Your task >> What is needed is the number of lines in the data below that include "have", stated by itself.

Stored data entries
lemma close_with_cg_empty:
  assumes x: "x \<in> graphs ar" and "gsort x = {}"
  shows "close_with ar (iso_class ar cg_empty) x = x"
proof -
  obtain X where X: "wf_cgraph ar X" "x = iso_class ar X"
    using x by (rule graphsE)
  have "c_restrict {} X = X"
    using X assms(2) by (simp add: gsort_iso_class c_restrict_empty_eq_self)
  then have "cg_iso (c_restrict {} (c_par X cg_empty)) X"
    using cg_iso_c_restrict[OF c_par_cg_empty[OF X(1)], of "{}"] by simp
  then show ?thesis
    using X close_with_iso_class[OF X(1) wf_cg_empty]
    by (simp add: iso_class_eq_iff wf_c_restrict wf_c_par wf_cg_empty)
qed

section \<open>Congruences and subalgebras\<close>

lemma
  assumes "hr_congruence ar U Rst Perm R"
  shows hr_congruence_equiv: "equiv U R"
    and hr_congruence_gsort: "(x, y) \<in> R \<Longrightarrow> gsort x = gsort y"
    and hr_congruence_g_restrict: "\<tau> \<in> Rst \<Longrightarrow> (x, y) \<in> R \<Longrightarrow> (g_restrict ar \<tau> x, g_restrict ar \<tau> y) \<in> R"
    and hr_congruence_g_rename: "\<alpha> \<in> Perm \<Longrightarrow> (x, y) \<in> R \<Longrightarrow> (g_rename ar \<alpha> x, g_rename ar \<alpha> y) \<in> R"
    and hr_congruence_g_par: "(x, y) \<in> R \<Longrightarrow> (x', y') \<in> R \<Longrightarrow> (g_par ar x x', g_par ar y y') \<in> R"
    and hr_congruence_finite: "finite ({x \<in> U. gsort x = \<sigma>} // R)"
  using assms unfolding hr_congruence_def by blast+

Response below >> 2